SUPPLIED INFORMATION ->
⁂

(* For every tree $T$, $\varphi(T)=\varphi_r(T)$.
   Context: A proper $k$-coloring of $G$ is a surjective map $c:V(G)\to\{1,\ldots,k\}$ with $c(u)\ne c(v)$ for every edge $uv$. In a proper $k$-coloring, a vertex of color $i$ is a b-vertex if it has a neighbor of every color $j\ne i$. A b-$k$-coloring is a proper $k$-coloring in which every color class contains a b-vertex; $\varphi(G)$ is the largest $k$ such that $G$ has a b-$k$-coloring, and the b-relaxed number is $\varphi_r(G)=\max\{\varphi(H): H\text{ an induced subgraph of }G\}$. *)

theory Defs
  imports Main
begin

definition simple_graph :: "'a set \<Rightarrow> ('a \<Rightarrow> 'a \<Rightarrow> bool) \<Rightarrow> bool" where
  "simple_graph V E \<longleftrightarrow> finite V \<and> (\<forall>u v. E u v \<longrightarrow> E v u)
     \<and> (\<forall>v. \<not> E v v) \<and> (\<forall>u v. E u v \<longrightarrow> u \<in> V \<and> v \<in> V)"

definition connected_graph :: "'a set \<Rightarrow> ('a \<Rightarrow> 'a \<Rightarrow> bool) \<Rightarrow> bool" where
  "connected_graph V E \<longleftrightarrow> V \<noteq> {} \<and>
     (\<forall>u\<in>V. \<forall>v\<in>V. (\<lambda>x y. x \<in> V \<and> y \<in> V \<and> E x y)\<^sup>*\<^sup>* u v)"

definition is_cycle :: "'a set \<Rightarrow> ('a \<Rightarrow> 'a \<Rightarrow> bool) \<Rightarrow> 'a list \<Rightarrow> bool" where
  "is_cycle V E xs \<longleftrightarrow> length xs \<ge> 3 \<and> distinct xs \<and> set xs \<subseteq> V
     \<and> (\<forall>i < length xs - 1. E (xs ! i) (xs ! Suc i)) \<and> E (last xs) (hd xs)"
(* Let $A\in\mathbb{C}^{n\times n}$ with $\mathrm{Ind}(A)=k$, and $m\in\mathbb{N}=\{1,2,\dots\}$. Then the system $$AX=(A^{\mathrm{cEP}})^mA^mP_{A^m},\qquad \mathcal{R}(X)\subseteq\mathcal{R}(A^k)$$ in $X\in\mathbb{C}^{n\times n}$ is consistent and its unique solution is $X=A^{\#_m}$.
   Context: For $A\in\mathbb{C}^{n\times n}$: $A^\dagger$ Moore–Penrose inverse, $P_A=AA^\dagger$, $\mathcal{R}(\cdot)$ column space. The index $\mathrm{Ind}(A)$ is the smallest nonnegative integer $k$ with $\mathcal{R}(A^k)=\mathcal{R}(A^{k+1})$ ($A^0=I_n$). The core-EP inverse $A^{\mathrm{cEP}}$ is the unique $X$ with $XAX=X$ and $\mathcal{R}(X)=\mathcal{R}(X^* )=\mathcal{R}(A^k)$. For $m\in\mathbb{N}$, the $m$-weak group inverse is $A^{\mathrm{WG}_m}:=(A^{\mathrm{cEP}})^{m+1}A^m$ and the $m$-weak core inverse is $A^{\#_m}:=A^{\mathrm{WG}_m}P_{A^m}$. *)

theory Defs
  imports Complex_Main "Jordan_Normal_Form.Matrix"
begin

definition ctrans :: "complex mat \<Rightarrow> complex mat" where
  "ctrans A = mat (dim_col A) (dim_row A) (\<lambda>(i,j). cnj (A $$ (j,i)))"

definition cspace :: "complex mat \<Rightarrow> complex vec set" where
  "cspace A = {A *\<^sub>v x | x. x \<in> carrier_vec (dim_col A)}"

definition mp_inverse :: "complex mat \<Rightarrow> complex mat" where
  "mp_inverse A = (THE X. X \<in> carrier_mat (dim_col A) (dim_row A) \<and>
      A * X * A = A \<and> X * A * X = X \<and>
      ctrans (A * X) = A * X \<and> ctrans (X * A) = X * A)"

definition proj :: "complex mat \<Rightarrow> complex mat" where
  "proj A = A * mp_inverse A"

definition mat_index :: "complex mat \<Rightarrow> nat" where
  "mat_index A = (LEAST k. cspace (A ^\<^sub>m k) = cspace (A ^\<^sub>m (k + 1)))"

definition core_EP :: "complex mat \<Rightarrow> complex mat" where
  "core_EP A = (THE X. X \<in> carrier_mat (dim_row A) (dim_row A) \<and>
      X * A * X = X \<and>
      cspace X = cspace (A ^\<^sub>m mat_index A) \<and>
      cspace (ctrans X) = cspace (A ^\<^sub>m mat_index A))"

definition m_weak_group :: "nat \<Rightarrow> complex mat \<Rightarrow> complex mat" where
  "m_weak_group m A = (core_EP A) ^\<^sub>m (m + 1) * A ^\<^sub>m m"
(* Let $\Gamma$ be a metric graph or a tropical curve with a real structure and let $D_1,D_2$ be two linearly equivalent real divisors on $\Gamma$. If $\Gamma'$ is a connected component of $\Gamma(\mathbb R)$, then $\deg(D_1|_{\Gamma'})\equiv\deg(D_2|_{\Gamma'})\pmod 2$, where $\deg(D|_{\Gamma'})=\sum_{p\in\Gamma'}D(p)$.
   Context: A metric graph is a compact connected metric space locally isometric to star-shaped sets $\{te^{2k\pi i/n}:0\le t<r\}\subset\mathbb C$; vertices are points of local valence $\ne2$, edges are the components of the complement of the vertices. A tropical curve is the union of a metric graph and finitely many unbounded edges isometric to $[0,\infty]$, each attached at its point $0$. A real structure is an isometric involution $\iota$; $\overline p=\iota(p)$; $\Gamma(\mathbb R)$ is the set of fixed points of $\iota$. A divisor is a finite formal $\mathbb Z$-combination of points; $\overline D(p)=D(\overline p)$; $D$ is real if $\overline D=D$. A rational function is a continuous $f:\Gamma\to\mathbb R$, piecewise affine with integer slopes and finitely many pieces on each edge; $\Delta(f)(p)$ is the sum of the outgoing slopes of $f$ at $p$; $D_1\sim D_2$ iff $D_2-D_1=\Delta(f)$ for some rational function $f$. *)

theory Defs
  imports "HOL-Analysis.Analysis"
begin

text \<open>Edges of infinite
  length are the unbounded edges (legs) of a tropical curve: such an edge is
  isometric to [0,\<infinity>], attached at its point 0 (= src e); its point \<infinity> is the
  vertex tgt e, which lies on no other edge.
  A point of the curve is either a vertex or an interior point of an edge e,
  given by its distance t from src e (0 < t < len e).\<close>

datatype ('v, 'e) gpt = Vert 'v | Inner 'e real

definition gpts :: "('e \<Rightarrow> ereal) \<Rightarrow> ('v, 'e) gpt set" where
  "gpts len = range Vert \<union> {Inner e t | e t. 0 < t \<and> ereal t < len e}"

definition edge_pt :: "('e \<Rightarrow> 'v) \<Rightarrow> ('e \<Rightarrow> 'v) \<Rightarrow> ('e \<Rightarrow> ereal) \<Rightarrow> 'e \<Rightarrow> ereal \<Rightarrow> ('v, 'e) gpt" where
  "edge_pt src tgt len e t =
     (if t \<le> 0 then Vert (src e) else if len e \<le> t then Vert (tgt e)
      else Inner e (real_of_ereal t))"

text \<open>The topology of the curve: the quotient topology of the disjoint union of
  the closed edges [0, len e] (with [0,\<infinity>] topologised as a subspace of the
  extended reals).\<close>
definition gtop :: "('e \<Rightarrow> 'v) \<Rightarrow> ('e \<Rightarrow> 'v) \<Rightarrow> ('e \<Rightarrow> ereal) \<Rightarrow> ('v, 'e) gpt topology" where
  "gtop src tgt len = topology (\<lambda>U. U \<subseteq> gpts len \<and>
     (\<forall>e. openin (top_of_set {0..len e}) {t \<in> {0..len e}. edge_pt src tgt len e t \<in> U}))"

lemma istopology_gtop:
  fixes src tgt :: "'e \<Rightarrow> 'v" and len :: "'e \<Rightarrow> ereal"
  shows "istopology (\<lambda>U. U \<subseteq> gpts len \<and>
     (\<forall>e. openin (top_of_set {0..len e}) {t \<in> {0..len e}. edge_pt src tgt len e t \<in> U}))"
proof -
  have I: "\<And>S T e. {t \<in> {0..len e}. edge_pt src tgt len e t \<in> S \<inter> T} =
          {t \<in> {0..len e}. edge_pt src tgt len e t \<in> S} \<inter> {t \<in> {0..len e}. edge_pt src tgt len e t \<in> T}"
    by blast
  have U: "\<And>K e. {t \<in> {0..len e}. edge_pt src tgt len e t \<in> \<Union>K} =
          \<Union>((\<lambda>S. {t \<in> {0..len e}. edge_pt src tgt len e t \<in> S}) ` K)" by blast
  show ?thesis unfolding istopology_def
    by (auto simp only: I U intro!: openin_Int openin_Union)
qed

⁂

REQUIRED ACTION ->
For each line of the material that contains the word "longrightarrow", make a copy.

SOLUTION TO THIS PROBLEM ->
  "simple_graph V E \<longleftrightarrow> finite V \<and> (\<forall>u v. E u v \<longrightarrow> E v u)
     \<and> (\<forall>v. \<not> E v v) \<and> (\<forall>u v. E u v \<longrightarrow> u \<in> V \<and> v \<in> V)"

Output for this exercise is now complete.